**Material for this task**
lemma trace_rho_B_square_eq:
  fixes \<psi> :: "'a::finite \<Rightarrow> 'b::finite \<Rightarrow> 'c::finite \<Rightarrow> complex"
  shows "trace (rho_B \<psi> ** rho_B \<psi>) = (\<Sum>a\<in>UNIV. \<Sum>a'\<in>UNIV. bc_contraction \<psi> a a' a a')"
proof -
  have "trace (rho_B \<psi> ** rho_B \<psi>) = (\<Sum>b\<in>UNIV. \<Sum>b'\<in>UNIV.
      (\<Sum>a\<in>UNIV. \<Sum>c\<in>UNIV. \<psi> a b c * cnj (\<psi> a b' c)) *
      (\<Sum>a'\<in>UNIV. \<Sum>c'\<in>UNIV. \<psi> a' b' c' * cnj (\<psi> a' b c')))"
    by (simp add: trace_def matrix_matrix_mult_def rho_B_def)
  also have "\<dots> = (\<Sum>b\<in>UNIV. \<Sum>b'\<in>UNIV. \<Sum>a\<in>UNIV. \<Sum>a'\<in>UNIV. \<Sum>c\<in>UNIV. \<Sum>c'\<in>UNIV.
      (\<psi> a b c * cnj (\<psi> a b' c)) * (\<psi> a' b' c' * cnj (\<psi> a' b c')))"
    by (simp only: sum_product)
  also have "\<dots> = (\<Sum>a\<in>UNIV. \<Sum>a'\<in>UNIV. \<Sum>b\<in>UNIV. \<Sum>b'\<in>UNIV. \<Sum>c\<in>UNIV. \<Sum>c'\<in>UNIV.
      (\<psi> a b c * cnj (\<psi> a b' c)) * (\<psi> a' b' c' * cnj (\<psi> a' b c')))"
    by (rule sum_swap_2_2)
  also have "\<dots> = (\<Sum>a\<in>UNIV. \<Sum>a'\<in>UNIV. bc_contraction \<psi> a a' a a')"
    by (simp add: bc_contraction_def bc_contraction_term_def mult_ac)
  finally show ?thesis .
qed

lemma trace_square_hermitian:
  fixes A :: "complex^'n^'n"
  assumes hermitian: "\<And>i j. A$j$i = cnj (A$i$j)"
  shows "trace (A ** A) = complex_of_real (\<Sum>i\<in>UNIV. \<Sum>j\<in>UNIV. (cmod (A$i$j))\<^sup>2)"
proof -
  have "trace (A ** A) = (\<Sum>i\<in>UNIV. \<Sum>j\<in>UNIV. A$i$j * A$j$i)"
    by (simp add: trace_def matrix_matrix_mult_def)
  also have "\<dots> = (\<Sum>i\<in>UNIV. \<Sum>j\<in>UNIV. A$i$j * cnj (A$i$j))"
    by (intro sum.cong refl) (metis hermitian)
  finally show ?thesis by (simp only: cnj_mult_self of_real_sum)
qed

lemma trace_rho_B_square_bound:
  fixes \<psi> :: "'a::finite \<Rightarrow> 'b::finite \<Rightarrow> 'c::finite \<Rightarrow> complex"
  shows "(Re (trace (rho_B \<psi> ** rho_B \<psi>)))\<^sup>2 \<le> (real (rank (rho_A \<psi>)))\<^sup>2 * Re (Z_ABC \<psi>)"
proof -
  obtain P where fixed: "\<And>a b c. \<psi> a b c = (\<Sum>x\<in>UNIV. P a x * \<psi> x b c)"
    and P_norm: "(\<Sum>a\<in>UNIV. \<Sum>x\<in>UNIV. (cmod (P a x))\<^sup>2) \<le> real (rank (rho_A \<psi>))"
    using support_projector_exists[of \<psi>] by blast
  define F where "F = (\<Sum>a\<in>UNIV. \<Sum>x\<in>UNIV. (cmod (P a x))\<^sup>2)"
  define f where "f = (\<lambda>(a::'a, a'::'a, x::'a, x'::'a). P a x * P a' x')"
  define g where "g = (\<lambda>(a::'a, a'::'a, x::'a, x'::'a). bc_contraction \<psi> x x' a a')"
  have "trace (rho_B \<psi> ** rho_B \<psi>)
      = (\<Sum>a\<in>UNIV. \<Sum>a'\<in>UNIV. \<Sum>x\<in>UNIV. \<Sum>x'\<in>UNIV. P a x * P a' x' * bc_contraction \<psi> x x' a a')"
    unfolding trace_rho_B_square_eq by (intro sum.cong refl) (rule bc_contraction_project[OF fixed])
  also have "\<dots> = (\<Sum>q\<in>UNIV. f q * g q)"
    by (simp only: sum_UNIV_prod f_def g_def prod.case)
  finally have trace: "trace (rho_B \<psi> ** rho_B \<psi>) = (\<Sum>q\<in>UNIV. f q * g q)" .
  have "(\<Sum>q\<in>UNIV. (cmod (f q))\<^sup>2)
      = (\<Sum>a\<in>UNIV. \<Sum>a'\<in>UNIV. \<Sum>x\<in>UNIV. \<Sum>x'\<in>UNIV. (cmod (P a x))\<^sup>2 * (cmod (P a' x'))\<^sup>2)"
    by (simp only: sum_UNIV_prod f_def prod.case norm_mult power_mult_distrib)
  also have "\<dots> = F\<^sup>2"
    by (simp only: F_def power2_eq_square[of "sum _ _"] sum_product)
  finally have f_norm: "(\<Sum>q\<in>UNIV. (cmod (f q))\<^sup>2) = F\<^sup>2" .
  have "(\<Sum>q\<in>UNIV. (cmod (g q))\<^sup>2)
      = (\<Sum>a\<in>UNIV. \<Sum>a'\<in>UNIV. \<Sum>x\<in>UNIV. \<Sum>x'\<in>UNIV. (cmod (bc_contraction \<psi> x x' a a'))\<^sup>2)"
    by (simp only: sum_UNIV_prod g_def prod.case)
  also have "\<dots> = Re (Z_ABC \<psi>)"
    by (subst sum_swap_2_2) (simp only: Z_ABC_eq_sum_norm_square Re_complex_of_real)
  finally have g_norm: "(\<Sum>q\<in>UNIV. (cmod (g q))\<^sup>2) = Re (Z_ABC \<psi>)" .
  have "0 \<le> F" "0 \<le> Re (Z_ABC \<psi>)"
    by (simp_all add: F_def Z_ABC_eq_sum_norm_square sum_nonneg)
  have "(Re (trace (rho_B \<psi> ** rho_B \<psi>)))\<^sup>2 \<le> (cmod (trace (rho_B \<psi> ** rho_B \<psi>)))\<^sup>2"
    by (metis abs_Re_le_cmod abs_ge_zero power2_abs power_mono)
  also have "\<dots> \<le> F\<^sup>2 * Re (Z_ABC \<psi>)"
    using cmod_sum_mult_square_le[of f g UNIV] by (simp only: trace f_norm g_norm)
  also have "\<dots> \<le> (real (rank (rho_A \<psi>)))\<^sup>2 * Re (Z_ABC \<psi>)"
    using \<open>0 \<le> F\<close> \<open>0 \<le> Re (Z_ABC \<psi>)\<close> P_norm
    by (intro mult_right_mono power_mono) (simp_all add: F_def)
  finally show ?thesis .
qed

lemma rho_B_hermitian: "rho_B \<psi> $ b' $ b = cnj (rho_B \<psi> $ b $ b')"
  by (simp add: rho_B_def cnj_sum mult.commute)

lemma rho_B_diagonal: "rho_B \<psi> $ b $ b = complex_of_real (\<Sum>a\<in>UNIV. \<Sum>c\<in>UNIV. (cmod (\<psi> a b c))\<^sup>2)"
  by (simp only: rho_B_def vec_lambda_beta cnj_mult_self of_real_sum)

lemma trace_rho_B_square_pos:
  fixes \<psi> :: "'a::finite \<Rightarrow> 'b::finite \<Rightarrow> 'c::finite \<Rightarrow> complex"
  assumes "\<psi> a b c \<noteq> 0"
  shows "0 < Re (trace (rho_B \<psi> ** rho_B \<psi>))"
proof -
  have "0 < (cmod (\<psi> a b c))\<^sup>2" using assms by simp
  also have "\<dots> \<le> (\<Sum>a'\<in>UNIV. \<Sum>c'\<in>UNIV. (cmod (\<psi> a' b c'))\<^sup>2)"
    by (rule member_le_sum_sum) auto
  also have "\<dots> = cmod (rho_B \<psi> $ b $ b)"
    unfolding rho_B_diagonal norm_of_real by (simp add: sum_nonneg)
  finally have "0 < (cmod (rho_B \<psi> $ b $ b))\<^sup>2" by simp
  also have "\<dots> \<le> (\<Sum>i\<in>UNIV. \<Sum>j\<in>UNIV. (cmod (rho_B \<psi> $ i $ j))\<^sup>2)"
    by (rule member_le_sum_sum) auto
  also have "\<dots> = Re (trace (rho_B \<psi> ** rho_B \<psi>))"
    by (simp add: trace_square_hermitian[OF rho_B_hermitian])
  finally show ?thesis .
qed

lemma rank_rho_A_pos:
  fixes \<psi> :: "'a::finite \<Rightarrow> 'b::finite \<Rightarrow> 'c::finite \<Rightarrow> complex"
  assumes "\<psi> a b c \<noteq> 0"
  shows "0 < rank (rho_A \<psi>)"
proof (rule ccontr)
  assume "\<not> 0 < rank (rho_A \<psi>)"
  then have rank: "real (rank (rho_A \<psi>)) = 0" by simp
  obtain P where fixed: "\<And>a b c. \<psi> a b c = (\<Sum>x\<in>UNIV. P a x * \<psi> x b c)"
    and P_norm: "(\<Sum>a\<in>UNIV. \<Sum>x\<in>UNIV. (cmod (P a x))\<^sup>2) \<le> real (rank (rho_A \<psi>))"
    using support_projector_exists[of \<psi>] by blast
  have entry_le: "(cmod (P a x))\<^sup>2 \<le> (\<Sum>a\<in>UNIV. \<Sum>x\<in>UNIV. (cmod (P a x))\<^sup>2)" for x
    by (rule member_le_sum_sum) auto
  have "(cmod (P a x))\<^sup>2 \<le> 0" for x using entry_le[of x] P_norm rank by linarith
  then have "P a x = 0" for x by simp
  then have "\<psi> a b c = 0" by (subst fixed) simp
  with assms show False ..
qed

theorem mainTheorem4:
  fixes \<psi> :: "'a::finite \<Rightarrow> 'b::finite \<Rightarrow> 'c::finite \<Rightarrow> complex"
  assumes "is_pure_state \<psi>"
  shows "G_ABC \<psi> \<le> S0_A \<psi> + S2_B \<psi>"
proof -
  txt \<open>Normalisation is only needed to rule out \<psi> = 0.\<close>
  obtain a b c where "\<psi> a b c \<noteq> 0"
    using assms by (force simp: is_pure_state_def)
  define t where "t = Re (trace (rho_B \<psi> ** rho_B \<psi>))"
  define r where "r = real (rank (rho_A \<psi>))"
  define Z where "Z = Re (Z_ABC \<psi>)"
  have "0 < t" unfolding t_def by (rule trace_rho_B_square_pos) fact
  have "0 < r" unfolding r_def using rank_rho_A_pos[of \<psi> a b c] \<open>\<psi> a b c \<noteq> 0\<close> by simp
  have "t\<^sup>2 \<le> r\<^sup>2 * Z" unfolding t_def r_def Z_def by (rule trace_rho_B_square_bound)
  moreover have "0 < t\<^sup>2" using \<open>0 < t\<close> by simp
  ultimately have "0 < r\<^sup>2 * Z" by linarith
  then have "0 < Z" using \<open>0 < r\<close> by (simp add: zero_less_mult_iff)
  have "2 * log 2 t = log 2 (t\<^sup>2)" using \<open>0 < t\<close> by (simp add: log_nat_power)
  also have "\<dots> \<le> log 2 (r\<^sup>2 * Z)" using \<open>0 < t\<close> \<open>0 < r\<close> \<open>0 < Z\<close> \<open>t\<^sup>2 \<le> r\<^sup>2 * Z\<close> by simp
  also have "\<dots> = 2 * log 2 r + log 2 Z" using \<open>0 < r\<close> \<open>0 < Z\<close> by (simp add: log_mult log_nat_power)
  finally show ?thesis by (simp add: G_ABC_def S0_A_def S2_B_def t_def r_def Z_def)
qed

end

**Your objective**
Find the line with "by (metis abs_Re_le_cmod" in the entries above. Retype it and each line after it, exactly, through the line with "by (simp add: rho_B_def", and stop there.

**Answer to this task**
    by (metis abs_Re_le_cmod abs_ge_zero power2_abs power_mono)
  also have "\<dots> \<le> F\<^sup>2 * Re (Z_ABC \<psi>)"
    using cmod_sum_mult_square_le[of f g UNIV] by (simp only: trace f_norm g_norm)
  also have "\<dots> \<le> (real (rank (rho_A \<psi>)))\<^sup>2 * Re (Z_ABC \<psi>)"
    using \<open>0 \<le> F\<close> \<open>0 \<le> Re (Z_ABC \<psi>)\<close> P_norm
    by (intro mult_right_mono power_mono) (simp_all add: F_def)
  finally show ?thesis .
qed

lemma rho_B_hermitian: "rho_B \<psi> $ b' $ b = cnj (rho_B \<psi> $ b $ b')"
  by (simp add: rho_B_def cnj_sum mult.commute)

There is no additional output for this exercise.